[Opening Data to examine section]
(* Let $V\in{}_B\mathrm{Rep}^A$ and $W\in{}_A\mathrm{Rep}^C$. Then there is a unitary (inner-product preserving, bijective) isomorphism of unitary DK-representations between ${}_V\mathrm{Ind}(W)$ and $\mathrm{Ind}^W(V)$, both equipped with the tensor product inner product on $V\odot W$.
   Context: $A$ is a CQG Hopf $*$-algebra: a complex Hopf algebra $(A,\Delta_A,\varepsilon_A,S_A)$ with an anti-linear involution making it a $*$-algebra with $\Delta_A$ a $*$-homomorphism, admitting a state $\Phi_A$ with $(\Phi_A\otimes\mathrm{id})\Delta_A(a)=\Phi_A(a)1=(\mathrm{id}\otimes\Phi_A)\Delta_A(a)$. Put $a^\dagger=S_A(a)^*$. $B\subseteq A$ is a unital right coideal $*$-subalgebra ($\Delta_A(B)\subseteq B\odot A$). Let $B_+=B\cap\ker\varepsilon_A$, $C=A/AB_+$ with quotient map $\pi_C$; $C$ is a coalgebra (comultiplication induced by $\Delta_A$), a left $A$-module via $a\cdot\pi_C(a')=\pi_C(aa')$, with anti-linear involution $\pi_C(a)^\dagger=\pi_C(a^\dagger)$. Sweedler notation is used. For $(X,Y)\in\{(B,A),(A,C),(B,C)\}$, ${}_X\mathrm{Mod}^Y$ is the category of left $X$-modules $V$ with a right $Y$-comodule structure $v\mapsto v_{(0)}\otimes v_{(1)}$ such that $(xv)_{(0)}\otimes(xv)_{(1)}=x_{(1)}v_{(0)}\otimes x_{(2)}v_{(1)}$. ${}_X\mathrm{Rep}^Y$ consists of those $V$ which are pre-Hilbert spaces with $\langle v,xw\rangle=\langle x^*v,w\rangle$ and $\langle v,w_{(0)}\rangle w_{(1)}=\langle v_{(0)},w\rangle v_{(1)}^\dagger$ for all $v,w\in V$, $x\in X$. ${}_V\mathrm{Ind}(W)$: $V\odot W$ with $b(v\otimes w)=bv\otimes w$ and coaction $v\otimes w\mapsto v_{(0)}\otimes w_{(0)}\otimes v_{(1)}w_{(1)}$. $\mathrm{Ind}^W(V)$: $V\odot W$ with $b(v\otimes w)=b_{(1)}v\otimes b_{(2)}w$ and coaction $v\otimes w\mapsto v\otimes w_{(0)}\otimes w_{(1)}$. Both are in ${}_B\mathrm{Rep}^C$ with the tensor product inner product. *)

theory Defs
  imports Complex_Main
begin
(* Let $\mathcal{G}$ be a MAG and let $H,H'$ be heads with maximal vertex $i$. Suppose $K^m$ is a set with $H\to^{K^m}H'$ such that $K^m\subseteq K$ for every $K$ with $H\to^KH'$. Then for $\emptyset\ne K\subseteq H\setminus\{i\}$, we have $H\to^KH'$ if and only if $K=K^m\,\dot\cup\,B$ for some $B\subseteq H\setminus(H'\cup K^m)$.
   Context: A MAG is an acyclic directed mixed graph (directed and bidirected edges, no directed cycles) with $\mathrm{sib}(v)\cap\mathrm{an}(v)=\emptyset$ for all $v$ and in which every nonadjacent pair is m-separated by some set. Vertices are numbered topologically. $\mathrm{barren}_{\mathcal{G}'}(W)=\{w\in W:\mathrm{de}_{\mathcal{G}'}(w)\cap W=\{w\}\}$; a nonempty $H$ is a head if $\mathrm{barren}(H)=H$ and $H$ lies in one district of $\mathcal{G}_{\mathrm{an}(H)}$. For a head $H$ with maximal vertex $i$ and $\emptyset\ne K\subseteq H\setminus\{i\}$, $H\to^KH'$ means $H'=\mathrm{barren}_{\mathcal{G}'}(\mathrm{dis}_{\mathcal{G}'}(i))$ where $\mathcal{G}'=\mathcal{G}_{\mathrm{an}(H)\setminus K}$. $\dot\cup$ denotes disjoint union. *)

theory Defs
  imports Main
begin

text \<open>Mixed graphs on natural-number vertices: directed edges (a,b) meaning a \<rightarrow> b,
  bidirected edges stored symmetrically.\<close>

record mixed_graph =
  verts :: "nat set"
  dedges :: "(nat \<times> nat) set"
  bedges :: "(nat \<times> nat) set"

definition induced :: "mixed_graph \<Rightarrow> nat set \<Rightarrow> mixed_graph" where
  "induced G W = \<lparr>verts = verts G \<inter> W, dedges = dedges G \<inter> (W \<times> W),
                   bedges = bedges G \<inter> (W \<times> W)\<rparr>"

definition an :: "mixed_graph \<Rightarrow> nat \<Rightarrow> nat set" where
  "an G v = {u \<in> verts G. (u, v) \<in> (dedges G)\<^sup>*}"

definition an_set :: "mixed_graph \<Rightarrow> nat set \<Rightarrow> nat set" where
  "an_set G W = (\<Union>v\<in>W. an G v)"

definition de :: "mixed_graph \<Rightarrow> nat \<Rightarrow> nat set" where
  "de G v = {u \<in> verts G. (v, u) \<in> (dedges G)\<^sup>*}"

definition sib :: "mixed_graph \<Rightarrow> nat \<Rightarrow> nat set" where
  "sib G v = {u. (u, v) \<in> bedges G}"

definition dis :: "mixed_graph \<Rightarrow> nat \<Rightarrow> nat set" where
  "dis G v = {u \<in> verts G. (v, u) \<in> (bedges G)\<^sup>*}"

definition barren :: "mixed_graph \<Rightarrow> nat set \<Rightarrow> nat set" where
  "barren G W = {w \<in> W. de G w \<inter> W = {w}}"

definition is_head :: "mixed_graph \<Rightarrow> nat set \<Rightarrow> bool" where
  "is_head G H \<longleftrightarrow> H \<noteq> {} \<and> H \<subseteq> verts G \<and> barren G H = H \<and>
     (\<exists>v \<in> an_set G H. H \<subseteq> dis (induced G (an_set G H)) v)"

datatype ekind = Fwd | Bwd | Bi

fun edge_ok :: "mixed_graph \<Rightarrow> ekind \<Rightarrow> nat \<Rightarrow> nat \<Rightarrow> bool" where
  "edge_ok G Fwd u v = ((u, v) \<in> dedges G)"
| "edge_ok G Bwd u v = ((v, u) \<in> dedges G)"
| "edge_ok G Bi u v = ((u, v) \<in> bedges G)"

definition valid_path :: "mixed_graph \<Rightarrow> nat list \<Rightarrow> ekind list \<Rightarrow> bool" where
  "valid_path G vs ks \<longleftrightarrow> length vs = Suc (length ks) \<and> distinct vs \<and> set vs \<subseteq> verts G \<and>
     (\<forall>j < length ks. edge_ok G (ks ! j) (vs ! j) (vs ! Suc j))"

text \<open>Internal vertex j (0 < j < length ks) is a collider if both adjacent edges have arrowheads at it.\<close>
definition collider :: "ekind list \<Rightarrow> nat \<Rightarrow> bool" where
  "collider ks j \<longleftrightarrow> ks ! (j - 1) \<noteq> Bwd \<and> ks ! j \<noteq> Fwd"

definition m_connecting :: "mixed_graph \<Rightarrow> nat set \<Rightarrow> nat \<Rightarrow> nat \<Rightarrow> nat list \<Rightarrow> ekind list \<Rightarrow> bool" where
  "m_connecting G Z a b vs ks \<longleftrightarrow> valid_path G vs ks \<and> hd vs = a \<and> last vs = b \<and>
     (\<forall>j. 0 < j \<and> j < length ks \<longrightarrow>
        (collider ks j \<longrightarrow> vs ! j \<in> an_set G Z) \<and> (\<not> collider ks j \<longrightarrow> vs ! j \<notin> Z))"

definition m_separated :: "mixed_graph \<Rightarrow> nat \<Rightarrow> nat \<Rightarrow> nat set \<Rightarrow> bool" where
  "m_separated G a b Z \<longleftrightarrow> \<not> (\<exists>vs ks. m_connecting G Z a b vs ks)"

definition adjacent :: "mixed_graph \<Rightarrow> nat \<Rightarrow> nat \<Rightarrow> bool" where
  "adjacent G a b \<longleftrightarrow> (a, b) \<in> dedges G \<or> (b, a) \<in> dedges G \<or> (a, b) \<in> bedges G"

definition topologically_numbered :: "mixed_graph \<Rightarrow> bool" where
  "topologically_numbered G \<longleftrightarrow> (\<forall>(a, b) \<in> dedges G. a < b)"

definition is_MAG :: "mixed_graph \<Rightarrow> bool" where
  "is_MAG G \<longleftrightarrow> finite (verts G) \<and> dedges G \<subseteq> verts G \<times> verts G \<and>
     bedges G \<subseteq> verts G \<times> verts G \<and> sym (bedges G) \<and>
     acyclic (dedges G) \<and>
     (\<forall>v \<in> verts G. sib G v \<inter> an G v = {}) \<and>
     (\<forall>a \<in> verts G. \<forall>b \<in> verts G. a \<noteq> b \<and> \<not> adjacent G a b \<longrightarrow>
        (\<exists>Z \<subseteq> verts G - {a, b}. m_separated G a b Z))"

definition head_step :: "mixed_graph \<Rightarrow> nat set \<Rightarrow> nat set \<Rightarrow> nat set \<Rightarrow> bool" where
  "head_step G H K H' \<longleftrightarrow>
     (let i = Max H; G' = induced G (an_set G H - K) in
      K \<noteq> {} \<and> K \<subseteq> H - {i} \<and> H' = barren G' (dis G' i))"

end

theory Submission
  imports Defs
begin

text \<open>Every vertex b of a head H is childless in the ancestral graph of H: a child of b that
  is an ancestor of H would give a descendant of b in H other than b, or a directed cycle.
  Deleting childless vertices outside the district D of i changes neither D nor the
  descendant relation inside D, hence not the barren part of D. A childless vertex of D is
  barren in D, so every vertex of H outside H' lies outside D and may be added to K freely;
  conversely K never meets H', and minimality of Km gives Km \<subseteq> K.\<close>

lemma induced_simps [simp]:
  "verts (induced G W) = verts G \<inter> W"
  "dedges (induced G W) = dedges G \<inter> (W \<times> W)"
  "bedges (induced G W) = bedges G \<inter> (W \<times> W)"
  by (simp_all add: induced_def)

lemma induced_induced: "induced (induced G V) W = induced G (V \<inter> W)"
  by (auto simp: induced_def)

lemma rtrancl_avoiding_childless:
  assumes "(w, u) \<in> R\<^sup>*" and "u \<notin> S" and "S \<inter> Domain R = {}"
  shows "(w, u) \<in> (R \<inter> (- S) \<times> (- S))\<^sup>*"
  using assms(1)
proof (induction rule: converse_rtrancl_induct)
  case base
  show ?case by simp
next
  case (step y z)
  have "y \<notin> S" using step.hyps(1) assms(3) by blast
  moreover have "z \<notin> S"
    using step.hyps(2) assms(2,3) by (cases rule: converse_rtranclE) auto
  ultimately show ?case using step.hyps(1) step.IH by (simp add: converse_rtrancl_into_rtrancl)
qed

lemma childless_in_barren:
  assumes "w \<in> D" and "w \<in> verts G" and "w \<notin> Domain (dedges G)"
  shows "w \<in> barren G D"
proof -
  have "de G w = {w}"
    using assms(2,3) unfolding de_def by (auto elim: converse_rtranclE)
  then show ?thesis using assms(1) unfolding barren_def by blast
qed

lemma child_of_barren_notin_an_set:
  assumes "acyclic (dedges G)" and "barren G H = H" and "H \<subseteq> verts G"
    and "b \<in> H" and "(b, d) \<in> dedges G"
  shows "d \<notin> an_set G H"
proof
  assume "d \<in> an_set G H"
  then obtain h where h: "h \<in> H" "(d, h) \<in> (dedges G)\<^sup>*"
    unfolding an_set_def an_def by blast
  have bh: "(b, h) \<in> (dedges G)\<^sup>+" using assms(5) h(2) by simp
  then have "h \<in> de G b \<inter> H" using h(1) assms(3) unfolding de_def by auto
  then have "h = b" using assms(2,4) unfolding barren_def by blast
  then show False using bh assms(1) unfolding acyclic_def by blast
qed

lemma dis_induced_Compl:
  assumes "bedges G \<subseteq> verts G \<times> verts G" and "S \<inter> dis G v = {}"
  shows "dis (induced G (- S)) v = dis G v"
proof
  show "dis (induced G (- S)) v \<subseteq> dis G v"
    unfolding dis_def by (auto elim: rtrancl_mono[THEN subsetD, rotated])
next
  have "(v, u) \<in> (bedges G \<inter> (- S) \<times> (- S))\<^sup>*" if "(v, u) \<in> (bedges G)\<^sup>*" for u
    using that
  proof (induction rule: rtrancl_induct)
    case base
    show ?case by simp
  next
    case (step y z)
    have "y \<in> dis G v" "z \<in> dis G v"
      using step.hyps assms(1) unfolding dis_def by auto
    then have "(y, z) \<in> bedges G \<inter> (- S) \<times> (- S)" using step.hyps(2) assms(2) by blast
    with step.IH show ?case by (rule rtrancl_into_rtrancl)
  qed
  then show "dis G v \<subseteq> dis (induced G (- S)) v"
    using assms(2) unfolding dis_def by auto
qed

lemma barren_induced_Compl:
  assumes "S \<inter> Domain (dedges G) = {}" and "D \<inter> S = {}"
  shows "barren (induced G (- S)) D = barren G D"
proof -
  have "de (induced G (- S)) w \<inter> D = de G w \<inter> D" for w
  proof
    show "de (induced G (- S)) w \<inter> D \<subseteq> de G w \<inter> D"
      unfolding de_def by (auto elim: rtrancl_mono[THEN subsetD, rotated])
    show "de G w \<inter> D \<subseteq> de (induced G (- S)) w \<inter> D"
      using assms rtrancl_avoiding_childless[of w _ "dedges G" S] unfolding de_def by auto
  qed
  then show ?thesis unfolding barren_def by auto
qed

lemma head_step_target_disjoint: "head_step G H K H' \<Longrightarrow> H' \<inter> K = {}"
  unfolding head_step_def Let_def barren_def dis_def by auto

lemma head_step_Un:
  assumes "bedges G \<subseteq> verts G \<times> verts G" and "acyclic (dedges G)"
    and "barren G H = H" and "H \<subseteq> verts G"
    and "head_step G H K H'" and "B \<subseteq> H - H'" and "K \<union> B \<subseteq> H - {Max H}"
  shows "head_step G H (K \<union> B) H'"
proof -
  define i where "i = Max H"
  define G1 where "G1 = induced G (an_set G H - K)"
  have H': "H' = barren G1 (dis G1 i)"
    using assms(5) unfolding head_step_def Let_def G1_def i_def by simp
  have childless: "B \<inter> Domain (dedges G1) = {}"
    using assms(6) child_of_barren_notin_an_set[OF assms(2-4)] unfolding G1_def by fastforce
  have "B \<inter> dis G1 i = {}"
  proof -
    have "b \<in> H'" if "b \<in> B" "b \<in> dis G1 i" for b
      using that childless childless_in_barren[of b "dis G1 i" G1] H'
      unfolding dis_def by blast
    then show ?thesis using assms(6) by blast
  qed
  moreover have "bedges G1 \<subseteq> verts G1 \<times> verts G1"
    using assms(1) unfolding G1_def by auto
  ultimately have "dis (induced G1 (- B)) i = dis G1 i"
    and "barren (induced G1 (- B)) (dis G1 i) = barren G1 (dis G1 i)"
    using dis_induced_Compl barren_induced_Compl[OF childless] by blast+
  moreover have "induced G1 (- B) = induced G (an_set G H - (K \<union> B))"
    unfolding G1_def induced_induced by (simp add: Diff_eq Int_assoc)
  ultimately show ?thesis
    using H' assms(5,7) unfolding head_step_def Let_def i_def by auto
qed

theorem lemmaC3:
  fixes G :: mixed_graph and H H' Km :: "nat set" and i :: nat
  assumes "is_MAG G" and "topologically_numbered G"
    and "is_head G H" and "is_head G H'"
    and "Max H = i" and "Max H' = i"
    and "head_step G H Km H'"
    and "\<forall>K. head_step G H K H' \<longrightarrow> Km \<subseteq> K"
  shows "\<forall>K. K \<noteq> {} \<and> K \<subseteq> H - {i} \<longrightarrow>
           (head_step G H K H' \<longleftrightarrow>
             (\<exists>B. B \<subseteq> H - (H' \<union> Km) \<and> Km \<inter> B = {} \<and> K = Km \<union> B))"
proof (intro allI impI)
  fix K
  assume K: "K \<noteq> {} \<and> K \<subseteq> H - {i}"
  show "head_step G H K H' \<longleftrightarrow> (\<exists>B. B \<subseteq> H - (H' \<union> Km) \<and> Km \<inter> B = {} \<and> K = Km \<union> B)"
  proof
    assume "head_step G H K H'"
    then have "Km \<subseteq> K" and "H' \<inter> K = {}"
      using assms(8) head_step_target_disjoint by blast+
    then show "\<exists>B. B \<subseteq> H - (H' \<union> Km) \<and> Km \<inter> B = {} \<and> K = Km \<union> B"
      using K by (intro exI[of _ "K - Km"]) auto
  next
    assume "\<exists>B. B \<subseteq> H - (H' \<union> Km) \<and> Km \<inter> B = {} \<and> K = Km \<union> B"
    then obtain B where "B \<subseteq> H - H'" and "K = Km \<union> B" by blast
    moreover have "bedges G \<subseteq> verts G \<times> verts G" and "acyclic (dedges G)"
      using assms(1) unfolding is_MAG_def by auto
    moreover have "barren G H = H" and "H \<subseteq> verts G"
      using assms(3) unfolding is_head_def by auto
    ultimately show "head_step G H K H'"
      using head_step_Un[of G H Km H' B] assms(5,7) K by blast
  qed
qed

end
[Closing Data to examine section]
_What is required_. The required output is the stretch of entries above from the line containing "fixes G :: mixed_graph" through the line containing "(head_step G H", reproduced exactly.

_Worked solution_.
  fixes G :: mixed_graph and H H' Km :: "nat set" and i :: nat
  assumes "is_MAG G" and "topologically_numbered G"
    and "is_head G H" and "is_head G H'"
    and "Max H = i" and "Max H' = i"
    and "head_step G H Km H'"
    and "\<forall>K. head_step G H K H' \<longrightarrow> Km \<subseteq> K"
  shows "\<forall>K. K \<noteq> {} \<and> K \<subseteq> H - {i} \<longrightarrow>
           (head_step G H K H' \<longleftrightarrow>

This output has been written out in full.